- _Task description_
Please return every record below exactly as it stands.

[Data excerpts]
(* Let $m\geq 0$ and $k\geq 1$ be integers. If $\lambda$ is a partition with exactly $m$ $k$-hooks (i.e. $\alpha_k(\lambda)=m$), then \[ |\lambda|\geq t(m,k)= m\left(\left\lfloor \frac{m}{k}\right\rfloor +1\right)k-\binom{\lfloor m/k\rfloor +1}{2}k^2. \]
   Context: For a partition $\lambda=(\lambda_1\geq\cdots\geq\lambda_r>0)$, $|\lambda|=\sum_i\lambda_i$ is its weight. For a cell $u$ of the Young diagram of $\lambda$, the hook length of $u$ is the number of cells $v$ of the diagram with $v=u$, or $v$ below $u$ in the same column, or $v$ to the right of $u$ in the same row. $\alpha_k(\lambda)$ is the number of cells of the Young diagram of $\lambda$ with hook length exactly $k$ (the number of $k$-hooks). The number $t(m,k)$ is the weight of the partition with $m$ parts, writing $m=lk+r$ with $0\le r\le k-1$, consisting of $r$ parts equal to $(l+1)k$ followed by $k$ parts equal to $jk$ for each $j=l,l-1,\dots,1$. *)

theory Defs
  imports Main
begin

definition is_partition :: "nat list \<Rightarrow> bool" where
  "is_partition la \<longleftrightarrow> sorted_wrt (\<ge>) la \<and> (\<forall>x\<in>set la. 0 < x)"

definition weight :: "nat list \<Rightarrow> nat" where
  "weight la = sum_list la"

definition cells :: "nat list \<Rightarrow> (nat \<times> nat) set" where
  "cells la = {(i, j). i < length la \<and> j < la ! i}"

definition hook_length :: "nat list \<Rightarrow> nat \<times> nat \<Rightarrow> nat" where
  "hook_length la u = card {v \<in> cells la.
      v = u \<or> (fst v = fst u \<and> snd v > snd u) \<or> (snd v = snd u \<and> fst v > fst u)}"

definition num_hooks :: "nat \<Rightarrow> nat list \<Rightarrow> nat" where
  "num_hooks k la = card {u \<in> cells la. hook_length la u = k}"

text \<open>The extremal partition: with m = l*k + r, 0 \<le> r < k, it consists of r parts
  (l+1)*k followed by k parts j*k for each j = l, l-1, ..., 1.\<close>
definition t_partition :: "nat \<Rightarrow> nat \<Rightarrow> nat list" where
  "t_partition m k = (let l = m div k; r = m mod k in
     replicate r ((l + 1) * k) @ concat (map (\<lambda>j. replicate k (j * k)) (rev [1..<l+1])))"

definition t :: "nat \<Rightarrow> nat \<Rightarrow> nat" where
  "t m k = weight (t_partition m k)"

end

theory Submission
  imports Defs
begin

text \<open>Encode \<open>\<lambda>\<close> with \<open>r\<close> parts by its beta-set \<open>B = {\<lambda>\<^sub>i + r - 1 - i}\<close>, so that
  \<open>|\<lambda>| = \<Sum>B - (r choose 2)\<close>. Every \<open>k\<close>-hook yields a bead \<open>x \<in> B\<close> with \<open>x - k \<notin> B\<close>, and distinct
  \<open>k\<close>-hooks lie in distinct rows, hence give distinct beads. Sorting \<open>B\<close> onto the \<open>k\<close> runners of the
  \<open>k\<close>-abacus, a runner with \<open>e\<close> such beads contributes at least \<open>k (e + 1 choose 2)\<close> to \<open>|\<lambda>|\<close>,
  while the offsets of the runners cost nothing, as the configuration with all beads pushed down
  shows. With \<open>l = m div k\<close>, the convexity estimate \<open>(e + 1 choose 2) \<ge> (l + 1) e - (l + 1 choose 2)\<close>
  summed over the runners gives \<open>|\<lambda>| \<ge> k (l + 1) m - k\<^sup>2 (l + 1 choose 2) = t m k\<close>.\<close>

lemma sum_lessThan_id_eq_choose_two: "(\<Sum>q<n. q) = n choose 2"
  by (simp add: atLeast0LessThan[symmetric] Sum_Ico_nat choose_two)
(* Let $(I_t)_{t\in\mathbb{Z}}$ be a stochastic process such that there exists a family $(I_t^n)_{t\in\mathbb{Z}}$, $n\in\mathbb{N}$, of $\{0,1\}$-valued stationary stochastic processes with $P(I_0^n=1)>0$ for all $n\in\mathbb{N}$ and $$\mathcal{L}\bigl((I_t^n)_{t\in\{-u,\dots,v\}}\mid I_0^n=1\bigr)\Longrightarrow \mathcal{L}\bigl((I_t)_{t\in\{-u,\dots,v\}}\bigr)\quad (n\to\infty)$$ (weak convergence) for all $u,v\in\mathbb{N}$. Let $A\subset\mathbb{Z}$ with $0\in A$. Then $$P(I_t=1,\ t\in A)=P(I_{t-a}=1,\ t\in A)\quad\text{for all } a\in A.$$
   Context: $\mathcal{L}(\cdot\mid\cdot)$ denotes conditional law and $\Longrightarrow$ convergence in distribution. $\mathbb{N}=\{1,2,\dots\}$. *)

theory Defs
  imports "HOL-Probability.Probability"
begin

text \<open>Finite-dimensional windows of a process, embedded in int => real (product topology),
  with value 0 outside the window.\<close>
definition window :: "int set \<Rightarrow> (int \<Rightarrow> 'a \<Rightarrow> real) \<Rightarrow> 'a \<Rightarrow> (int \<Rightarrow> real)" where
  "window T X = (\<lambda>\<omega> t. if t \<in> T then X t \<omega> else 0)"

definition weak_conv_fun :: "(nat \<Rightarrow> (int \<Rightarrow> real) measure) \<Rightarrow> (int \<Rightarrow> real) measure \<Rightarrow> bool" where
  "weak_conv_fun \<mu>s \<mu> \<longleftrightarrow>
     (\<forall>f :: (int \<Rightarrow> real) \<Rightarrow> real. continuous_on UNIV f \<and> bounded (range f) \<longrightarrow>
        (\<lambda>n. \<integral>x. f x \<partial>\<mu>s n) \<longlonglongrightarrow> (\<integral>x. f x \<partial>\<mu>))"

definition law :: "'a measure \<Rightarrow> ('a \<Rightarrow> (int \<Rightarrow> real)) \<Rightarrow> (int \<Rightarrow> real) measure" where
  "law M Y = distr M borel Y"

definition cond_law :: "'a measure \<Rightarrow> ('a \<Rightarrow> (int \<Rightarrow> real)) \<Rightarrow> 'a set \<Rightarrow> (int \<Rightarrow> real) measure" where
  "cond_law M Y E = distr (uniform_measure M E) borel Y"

- _Task solution_
(* Let $m\geq 0$ and $k\geq 1$ be integers. If $\lambda$ is a partition with exactly $m$ $k$-hooks (i.e. $\alpha_k(\lambda)=m$), then \[ |\lambda|\geq t(m,k)= m\left(\left\lfloor \frac{m}{k}\right\rfloor +1\right)k-\binom{\lfloor m/k\rfloor +1}{2}k^2. \]
   Context: For a partition $\lambda=(\lambda_1\geq\cdots\geq\lambda_r>0)$, $|\lambda|=\sum_i\lambda_i$ is its weight. For a cell $u$ of the Young diagram of $\lambda$, the hook length of $u$ is the number of cells $v$ of the diagram with $v=u$, or $v$ below $u$ in the same column, or $v$ to the right of $u$ in the same row. $\alpha_k(\lambda)$ is the number of cells of the Young diagram of $\lambda$ with hook length exactly $k$ (the number of $k$-hooks). The number $t(m,k)$ is the weight of the partition with $m$ parts, writing $m=lk+r$ with $0\le r\le k-1$, consisting of $r$ parts equal to $(l+1)k$ followed by $k$ parts equal to $jk$ for each $j=l,l-1,\dots,1$. *)

theory Defs
  imports Main
begin

definition is_partition :: "nat list \<Rightarrow> bool" where
  "is_partition la \<longleftrightarrow> sorted_wrt (\<ge>) la \<and> (\<forall>x\<in>set la. 0 < x)"

definition weight :: "nat list \<Rightarrow> nat" where
  "weight la = sum_list la"

definition cells :: "nat list \<Rightarrow> (nat \<times> nat) set" where
  "cells la = {(i, j). i < length la \<and> j < la ! i}"

definition hook_length :: "nat list \<Rightarrow> nat \<times> nat \<Rightarrow> nat" where
  "hook_length la u = card {v \<in> cells la.
      v = u \<or> (fst v = fst u \<and> snd v > snd u) \<or> (snd v = snd u \<and> fst v > fst u)}"

definition num_hooks :: "nat \<Rightarrow> nat list \<Rightarrow> nat" where
  "num_hooks k la = card {u \<in> cells la. hook_length la u = k}"

text \<open>The extremal partition: with m = l*k + r, 0 \<le> r < k, it consists of r parts
  (l+1)*k followed by k parts j*k for each j = l, l-1, ..., 1.\<close>
definition t_partition :: "nat \<Rightarrow> nat \<Rightarrow> nat list" where
  "t_partition m k = (let l = m div k; r = m mod k in
     replicate r ((l + 1) * k) @ concat (map (\<lambda>j. replicate k (j * k)) (rev [1..<l+1])))"

definition t :: "nat \<Rightarrow> nat \<Rightarrow> nat" where
  "t m k = weight (t_partition m k)"

end

theory Submission
  imports Defs
begin

text \<open>Encode \<open>\<lambda>\<close> with \<open>r\<close> parts by its beta-set \<open>B = {\<lambda>\<^sub>i + r - 1 - i}\<close>, so that
  \<open>|\<lambda>| = \<Sum>B - (r choose 2)\<close>. Every \<open>k\<close>-hook yields a bead \<open>x \<in> B\<close> with \<open>x - k \<notin> B\<close>, and distinct
  \<open>k\<close>-hooks lie in distinct rows, hence give distinct beads. Sorting \<open>B\<close> onto the \<open>k\<close> runners of the
  \<open>k\<close>-abacus, a runner with \<open>e\<close> such beads contributes at least \<open>k (e + 1 choose 2)\<close> to \<open>|\<lambda>|\<close>,
  while the offsets of the runners cost nothing, as the configuration with all beads pushed down
  shows. With \<open>l = m div k\<close>, the convexity estimate \<open>(e + 1 choose 2) \<ge> (l + 1) e - (l + 1 choose 2)\<close>
  summed over the runners gives \<open>|\<lambda>| \<ge> k (l + 1) m - k\<^sup>2 (l + 1 choose 2) = t m k\<close>.\<close>

lemma sum_lessThan_id_eq_choose_two: "(\<Sum>q<n. q) = n choose 2"
  by (simp add: atLeast0LessThan[symmetric] Sum_Ico_nat choose_two)
(* Let $(I_t)_{t\in\mathbb{Z}}$ be a stochastic process such that there exists a family $(I_t^n)_{t\in\mathbb{Z}}$, $n\in\mathbb{N}$, of $\{0,1\}$-valued stationary stochastic processes with $P(I_0^n=1)>0$ for all $n\in\mathbb{N}$ and $$\mathcal{L}\bigl((I_t^n)_{t\in\{-u,\dots,v\}}\mid I_0^n=1\bigr)\Longrightarrow \mathcal{L}\bigl((I_t)_{t\in\{-u,\dots,v\}}\bigr)\quad (n\to\infty)$$ (weak convergence) for all $u,v\in\mathbb{N}$. Let $A\subset\mathbb{Z}$ with $0\in A$. Then $$P(I_t=1,\ t\in A)=P(I_{t-a}=1,\ t\in A)\quad\text{for all } a\in A.$$
   Context: $\mathcal{L}(\cdot\mid\cdot)$ denotes conditional law and $\Longrightarrow$ convergence in distribution. $\mathbb{N}=\{1,2,\dots\}$. *)

theory Defs
  imports "HOL-Probability.Probability"
begin

text \<open>Finite-dimensional windows of a process, embedded in int => real (product topology),
  with value 0 outside the window.\<close>
definition window :: "int set \<Rightarrow> (int \<Rightarrow> 'a \<Rightarrow> real) \<Rightarrow> 'a \<Rightarrow> (int \<Rightarrow> real)" where
  "window T X = (\<lambda>\<omega> t. if t \<in> T then X t \<omega> else 0)"

definition weak_conv_fun :: "(nat \<Rightarrow> (int \<Rightarrow> real) measure) \<Rightarrow> (int \<Rightarrow> real) measure \<Rightarrow> bool" where
  "weak_conv_fun \<mu>s \<mu> \<longleftrightarrow>
     (\<forall>f :: (int \<Rightarrow> real) \<Rightarrow> real. continuous_on UNIV f \<and> bounded (range f) \<longrightarrow>
        (\<lambda>n. \<integral>x. f x \<partial>\<mu>s n) \<longlonglongrightarrow> (\<integral>x. f x \<partial>\<mu>))"

definition law :: "'a measure \<Rightarrow> ('a \<Rightarrow> (int \<Rightarrow> real)) \<Rightarrow> (int \<Rightarrow> real) measure" where
  "law M Y = distr M borel Y"

definition cond_law :: "'a measure \<Rightarrow> ('a \<Rightarrow> (int \<Rightarrow> real)) \<Rightarrow> 'a set \<Rightarrow> (int \<Rightarrow> real) measure" where
  "cond_law M Y E = distr (uniform_measure M E) borel Y"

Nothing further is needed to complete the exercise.